■ **Work to be completed**: Pick every line out of the entries below that has the string "longleftrightarrow", and copy it.

■ **Source data**:
= = = = =

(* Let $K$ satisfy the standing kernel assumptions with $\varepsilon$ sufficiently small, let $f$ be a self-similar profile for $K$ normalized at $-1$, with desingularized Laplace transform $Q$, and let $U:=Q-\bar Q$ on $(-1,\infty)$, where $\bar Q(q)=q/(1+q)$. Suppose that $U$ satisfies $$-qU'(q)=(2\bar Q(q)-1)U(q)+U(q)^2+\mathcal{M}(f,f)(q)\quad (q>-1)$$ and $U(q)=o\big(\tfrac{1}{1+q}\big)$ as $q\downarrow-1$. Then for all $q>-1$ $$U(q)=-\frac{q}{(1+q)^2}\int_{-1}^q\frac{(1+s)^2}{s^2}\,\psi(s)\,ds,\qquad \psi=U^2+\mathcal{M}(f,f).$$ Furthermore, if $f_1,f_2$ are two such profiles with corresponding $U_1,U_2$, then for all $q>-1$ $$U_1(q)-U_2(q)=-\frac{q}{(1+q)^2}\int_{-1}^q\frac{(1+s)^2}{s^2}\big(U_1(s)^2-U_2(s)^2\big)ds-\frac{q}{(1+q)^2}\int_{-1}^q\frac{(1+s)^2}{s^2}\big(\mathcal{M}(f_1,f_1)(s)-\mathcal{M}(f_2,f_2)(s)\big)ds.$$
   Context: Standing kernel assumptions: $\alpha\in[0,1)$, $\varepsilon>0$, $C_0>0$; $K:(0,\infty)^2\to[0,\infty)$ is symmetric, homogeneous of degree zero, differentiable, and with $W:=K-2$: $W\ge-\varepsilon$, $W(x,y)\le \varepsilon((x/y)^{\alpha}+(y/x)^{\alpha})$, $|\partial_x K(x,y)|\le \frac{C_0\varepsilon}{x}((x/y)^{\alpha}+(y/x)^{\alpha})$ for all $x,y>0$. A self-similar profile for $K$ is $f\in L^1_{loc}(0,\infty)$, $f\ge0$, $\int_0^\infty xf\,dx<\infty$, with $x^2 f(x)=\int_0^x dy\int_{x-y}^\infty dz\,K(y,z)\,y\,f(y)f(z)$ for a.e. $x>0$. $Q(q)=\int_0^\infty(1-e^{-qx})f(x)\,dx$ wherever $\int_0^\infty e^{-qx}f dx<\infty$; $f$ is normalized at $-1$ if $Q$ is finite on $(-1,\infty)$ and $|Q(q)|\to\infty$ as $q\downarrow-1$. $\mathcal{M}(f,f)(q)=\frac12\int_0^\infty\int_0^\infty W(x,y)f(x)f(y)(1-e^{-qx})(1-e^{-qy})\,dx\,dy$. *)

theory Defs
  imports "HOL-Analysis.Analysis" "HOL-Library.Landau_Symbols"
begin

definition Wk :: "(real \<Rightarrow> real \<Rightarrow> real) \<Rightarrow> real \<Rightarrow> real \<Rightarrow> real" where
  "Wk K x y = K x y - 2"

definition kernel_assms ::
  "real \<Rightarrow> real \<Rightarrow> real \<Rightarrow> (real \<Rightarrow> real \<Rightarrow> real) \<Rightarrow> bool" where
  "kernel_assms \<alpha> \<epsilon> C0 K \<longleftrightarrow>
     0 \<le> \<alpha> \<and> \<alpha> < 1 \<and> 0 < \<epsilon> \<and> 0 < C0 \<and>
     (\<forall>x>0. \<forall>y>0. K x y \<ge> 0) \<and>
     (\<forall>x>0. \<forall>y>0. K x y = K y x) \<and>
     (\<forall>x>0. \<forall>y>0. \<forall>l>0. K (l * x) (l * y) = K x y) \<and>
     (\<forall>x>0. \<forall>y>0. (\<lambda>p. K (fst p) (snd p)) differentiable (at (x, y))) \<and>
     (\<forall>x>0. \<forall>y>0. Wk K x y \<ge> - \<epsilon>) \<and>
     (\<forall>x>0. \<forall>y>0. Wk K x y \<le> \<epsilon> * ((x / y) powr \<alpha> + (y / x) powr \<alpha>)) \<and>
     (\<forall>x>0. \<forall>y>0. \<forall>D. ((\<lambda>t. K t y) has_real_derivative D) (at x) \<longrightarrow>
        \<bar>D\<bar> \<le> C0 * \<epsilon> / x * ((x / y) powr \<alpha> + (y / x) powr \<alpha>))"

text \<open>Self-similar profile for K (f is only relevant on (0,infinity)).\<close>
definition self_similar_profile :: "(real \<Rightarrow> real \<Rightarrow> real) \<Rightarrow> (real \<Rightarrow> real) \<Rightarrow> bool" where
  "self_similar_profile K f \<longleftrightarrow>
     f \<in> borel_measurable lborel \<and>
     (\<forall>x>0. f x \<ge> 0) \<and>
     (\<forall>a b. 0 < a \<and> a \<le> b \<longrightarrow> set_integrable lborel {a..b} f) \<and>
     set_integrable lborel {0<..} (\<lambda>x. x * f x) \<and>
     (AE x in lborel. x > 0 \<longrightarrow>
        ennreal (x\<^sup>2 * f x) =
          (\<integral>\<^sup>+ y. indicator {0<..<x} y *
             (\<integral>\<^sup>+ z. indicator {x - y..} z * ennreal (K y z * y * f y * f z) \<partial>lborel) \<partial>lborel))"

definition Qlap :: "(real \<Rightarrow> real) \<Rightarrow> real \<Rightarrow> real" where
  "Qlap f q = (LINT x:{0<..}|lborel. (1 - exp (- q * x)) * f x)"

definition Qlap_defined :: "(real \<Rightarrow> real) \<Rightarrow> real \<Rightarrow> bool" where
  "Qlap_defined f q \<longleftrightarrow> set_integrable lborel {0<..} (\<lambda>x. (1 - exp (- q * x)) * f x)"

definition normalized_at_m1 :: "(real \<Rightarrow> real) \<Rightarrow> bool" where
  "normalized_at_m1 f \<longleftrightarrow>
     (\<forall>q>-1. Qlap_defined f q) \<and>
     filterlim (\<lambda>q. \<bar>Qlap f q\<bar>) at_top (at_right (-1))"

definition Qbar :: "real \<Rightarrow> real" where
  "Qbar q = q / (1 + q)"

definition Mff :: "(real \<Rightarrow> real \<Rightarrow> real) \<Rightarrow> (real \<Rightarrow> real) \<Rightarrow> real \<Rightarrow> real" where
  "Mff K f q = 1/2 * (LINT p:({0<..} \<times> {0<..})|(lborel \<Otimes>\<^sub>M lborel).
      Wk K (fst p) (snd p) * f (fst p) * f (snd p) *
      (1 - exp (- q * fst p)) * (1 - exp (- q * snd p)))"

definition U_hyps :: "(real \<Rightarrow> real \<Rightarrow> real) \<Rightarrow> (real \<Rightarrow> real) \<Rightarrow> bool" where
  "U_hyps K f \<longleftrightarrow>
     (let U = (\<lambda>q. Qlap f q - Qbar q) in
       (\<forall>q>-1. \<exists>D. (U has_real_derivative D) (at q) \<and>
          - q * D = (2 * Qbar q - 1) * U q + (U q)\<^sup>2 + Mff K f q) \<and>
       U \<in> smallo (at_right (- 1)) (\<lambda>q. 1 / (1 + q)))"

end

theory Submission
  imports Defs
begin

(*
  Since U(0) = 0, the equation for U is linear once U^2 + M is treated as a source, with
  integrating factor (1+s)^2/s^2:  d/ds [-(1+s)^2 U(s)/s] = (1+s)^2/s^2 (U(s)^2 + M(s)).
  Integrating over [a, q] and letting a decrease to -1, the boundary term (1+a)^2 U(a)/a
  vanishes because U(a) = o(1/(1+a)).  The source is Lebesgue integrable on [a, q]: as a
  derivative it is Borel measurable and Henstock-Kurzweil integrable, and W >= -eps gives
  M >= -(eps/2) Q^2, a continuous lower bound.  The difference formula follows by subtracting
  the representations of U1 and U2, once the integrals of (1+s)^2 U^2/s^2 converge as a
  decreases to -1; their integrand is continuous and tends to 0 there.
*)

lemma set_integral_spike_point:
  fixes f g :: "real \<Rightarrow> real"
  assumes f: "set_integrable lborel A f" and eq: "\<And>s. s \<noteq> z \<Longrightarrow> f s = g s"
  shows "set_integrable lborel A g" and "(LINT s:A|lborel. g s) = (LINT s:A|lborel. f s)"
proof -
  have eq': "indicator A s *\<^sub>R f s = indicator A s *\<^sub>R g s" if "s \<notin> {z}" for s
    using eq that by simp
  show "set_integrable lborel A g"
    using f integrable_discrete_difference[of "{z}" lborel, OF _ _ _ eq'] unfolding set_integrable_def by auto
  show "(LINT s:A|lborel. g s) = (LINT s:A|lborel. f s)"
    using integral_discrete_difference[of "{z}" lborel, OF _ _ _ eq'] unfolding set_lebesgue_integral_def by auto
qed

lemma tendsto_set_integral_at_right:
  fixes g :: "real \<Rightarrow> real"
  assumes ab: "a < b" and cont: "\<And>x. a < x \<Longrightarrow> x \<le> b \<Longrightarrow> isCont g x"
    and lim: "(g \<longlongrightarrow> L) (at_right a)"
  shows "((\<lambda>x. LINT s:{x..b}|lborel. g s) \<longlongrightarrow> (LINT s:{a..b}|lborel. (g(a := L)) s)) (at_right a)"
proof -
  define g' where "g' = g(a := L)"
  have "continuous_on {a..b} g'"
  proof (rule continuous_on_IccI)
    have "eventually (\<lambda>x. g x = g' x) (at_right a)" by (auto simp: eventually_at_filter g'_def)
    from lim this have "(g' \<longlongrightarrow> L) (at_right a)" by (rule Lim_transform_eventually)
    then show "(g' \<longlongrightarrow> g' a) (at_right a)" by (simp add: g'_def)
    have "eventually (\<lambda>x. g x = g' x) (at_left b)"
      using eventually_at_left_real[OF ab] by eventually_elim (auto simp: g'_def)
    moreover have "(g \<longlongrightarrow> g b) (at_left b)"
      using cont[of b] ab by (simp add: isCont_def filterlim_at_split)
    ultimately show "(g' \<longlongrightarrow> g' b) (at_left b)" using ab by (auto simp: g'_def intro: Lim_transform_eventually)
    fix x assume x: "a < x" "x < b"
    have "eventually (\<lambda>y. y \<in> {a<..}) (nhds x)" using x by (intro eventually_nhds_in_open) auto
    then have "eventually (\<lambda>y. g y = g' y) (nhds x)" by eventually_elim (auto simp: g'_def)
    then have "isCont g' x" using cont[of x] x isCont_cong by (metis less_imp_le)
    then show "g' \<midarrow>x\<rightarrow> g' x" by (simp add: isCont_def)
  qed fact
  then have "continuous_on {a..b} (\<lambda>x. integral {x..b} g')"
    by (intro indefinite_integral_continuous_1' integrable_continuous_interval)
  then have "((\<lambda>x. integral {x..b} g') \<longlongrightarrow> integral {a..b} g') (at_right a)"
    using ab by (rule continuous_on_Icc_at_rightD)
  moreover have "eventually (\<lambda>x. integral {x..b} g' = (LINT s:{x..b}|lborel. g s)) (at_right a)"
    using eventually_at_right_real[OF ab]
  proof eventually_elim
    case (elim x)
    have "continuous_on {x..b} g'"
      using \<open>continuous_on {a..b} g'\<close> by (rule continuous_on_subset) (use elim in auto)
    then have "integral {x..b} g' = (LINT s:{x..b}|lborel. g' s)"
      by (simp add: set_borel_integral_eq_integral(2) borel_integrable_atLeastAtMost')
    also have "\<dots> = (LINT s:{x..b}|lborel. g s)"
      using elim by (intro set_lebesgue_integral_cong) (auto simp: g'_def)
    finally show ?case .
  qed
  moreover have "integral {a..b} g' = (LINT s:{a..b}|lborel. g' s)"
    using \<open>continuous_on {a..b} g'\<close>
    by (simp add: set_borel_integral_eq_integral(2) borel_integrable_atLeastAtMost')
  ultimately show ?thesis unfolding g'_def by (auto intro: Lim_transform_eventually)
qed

= = = = =

■ **Answer**:
  "kernel_assms \<alpha> \<epsilon> C0 K \<longleftrightarrow>
  "self_similar_profile K f \<longleftrightarrow>
  "Qlap_defined f q \<longleftrightarrow> set_integrable lborel {0<..} (\<lambda>x. (1 - exp (- q * x)) * f x)"
  "normalized_at_m1 f \<longleftrightarrow>
  "U_hyps K f \<longleftrightarrow>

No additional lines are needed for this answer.